In 2022, the public safety department issued a simple rule for school shootings, similar to the federal guidance: Anytime officers respond to an active shooter in a school, they must never stop trying to confront the gunman.

State police are now told never to treat a school gunman as barricaded, whether or not the person may have others holed up. New recruits are given this clear direction at the academy.

Before the current school year started in Texas, the department says, it held active shooter trainings with school districts and conveyed its new directive.

But in certain scenarios, rapidly confronting a gunman could create other dangers, some police trainers said. “You don’t want people charging into a hostage barricade situation and initiating shooting when there isn’t shooting happening or hasn’t happened,” said Mr. Blair of ALERRT.

In Uvalde, the federal investigators found, the critical mistake came early in the police response.

Nearly a dozen officers had arrived at the school during the gunman’s initial burst of shooting, and they rapidly converged on the classrooms where they believed him to be. That was in line with their training and police protocols. As they approached the classroom doors, the gunman shot at them. Two were hit by shrapnel.

The problem came after they fell back, the report found.
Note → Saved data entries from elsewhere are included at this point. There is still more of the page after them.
lemma sum_over_fiber_card:
  assumes "finite I"
  shows "(\<Sum>x\<in>I. g (\<phi> x) / real (fiber_card I \<phi> x)) = (\<Sum>v\<in>\<phi>`I. g v)"
proof -
  have "(\<Sum>x\<in>I. g (\<phi> x) / real (fiber_card I \<phi> x)) =
        (\<Sum>v\<in>\<phi>`I. \<Sum>x\<in>{x\<in>I. \<phi> x = v}. g v / real (card {x\<in>I. \<phi> x = v}))"
    by (subst sum.image_gen[OF assms]) (auto simp: fiber_card_def intro!: sum.cong)
  also have "\<dots> = (\<Sum>v\<in>\<phi>`I. g v)"
  proof (rule sum.cong[OF refl])
    fix v assume "v \<in> \<phi>`I"
    then have "card {x\<in>I. \<phi> x = v} > 0" using assms by (subst card_gt_0_iff) auto
    then show "(\<Sum>x\<in>{x\<in>I. \<phi> x = v}. g v / real (card {x\<in>I. \<phi> x = v})) = g v" by simp
  qed
  finally show ?thesis .
qed

lemma sum_card_fibers:
  assumes "finite I"
  shows "(\<Sum>a\<in>\<phi>`I. real (card {y\<in>I. \<phi> y = a \<and> Q y})) = real (card {y\<in>I. Q y})"
proof -
  have "{y\<in>I. Q y} = (\<Union>a\<in>\<phi>`I. {y\<in>I. \<phi> y = a \<and> Q y})" by auto
  also have "card \<dots> = (\<Sum>a\<in>\<phi>`I. card {y\<in>I. \<phi> y = a \<and> Q y})"
    by (rule card_UN_disjoint) (use assms in auto)
  finally show ?thesis by simp
qed

lemma unif_entropy_nonneg:
  assumes "finite I"
  shows "0 \<le> unif_entropy I \<phi>"
proof -
  have "0 \<le> ln (card I / fiber_card I \<phi> x)" if "x \<in> I" for x
    using fiber_card_pos[OF assms that] fiber_card_le[OF assms]
    by (auto intro!: ln_ge_zero simp: le_divide_eq_1)
  then show ?thesis unfolding unif_entropy_def by (simp add: sum_nonneg)
qed

lemma unif_entropy_cong:
  assumes "\<And>x y. x \<in> I \<Longrightarrow> y \<in> I \<Longrightarrow> \<phi> x = \<phi> y \<longleftrightarrow> \<psi> x = \<psi> y"
  shows "unif_entropy I \<phi> = unif_entropy I \<psi>"
proof -
  have "fiber_card I \<phi> x = fiber_card I \<psi> x" if "x \<in> I" for x
    unfolding fiber_card_def using assms that by (metis (mono_tags, lifting) mem_Collect_eq)
  then show ?thesis unfolding unif_entropy_def by (auto intro!: sum.cong arg_cong[where f="\<lambda>s. s / _"])
qed

lemma unif_entropy_inj:
  assumes "finite I" "inj_on \<phi> I"
  shows "unif_entropy I \<phi> = ln (card I)"
proof -
  have "fiber_card I \<phi> x = 1" if "x \<in> I" for x
  proof -
    have "{y\<in>I. \<phi> y = \<phi> x} = {x}" using assms(2) that by (auto simp: inj_on_def)
    then show ?thesis by (simp add: fiber_card_def)
  qed
  then show ?thesis using assms(1) by (cases "I = {}") (simp_all add: unif_entropy_def)
qed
The first arriving officers included senior leaders — the acting chief of the Uvalde Police Department, Mariano Pargas, and the chief of the school Police Department, Pete Arredondo — but they made the wrong call, the report found. The officers in the hallway waited to enter the classroom, a decision that the Justice Department said was clearly a mistake and attributed primarily to Mr. Arredondo.

Mr. Pargas resigned after the Uvalde shooting. Mr. Arredondo was fired.

Mr. Arredondo has previously defended his actions through a lawyer, likening a swift approach to the classroom where the gunman had fired with an AR-15-style rifle as “suicide.”

“Out of all the officers that were there, from all sorts of agencies and departments, not even one came to him with even a suggestion that he should take a different approach,” a lawyer for Mr. Arredondo wrote in 2022. “If anyone felt they had a better plan, he would have been all over it.”

The International Association of Chiefs of Police cites a 2009 mass shooting at Fort Hood in Texas as an example of how officers can prevent further bloodshed with quick action. In that case, the association said, two officers “took immediate action that successfully stopped the threat,” wounding the gunman.

Active shootings result in high casualties “generally before officers or other emergency responders can even be summoned,” according to the association’s 2018 guidance on active shooters, so officers who arrive first should take “swift, but calculated” action, even if they find themselves outgunned.

Edgar Sandoval contributed reporting from San Antonio.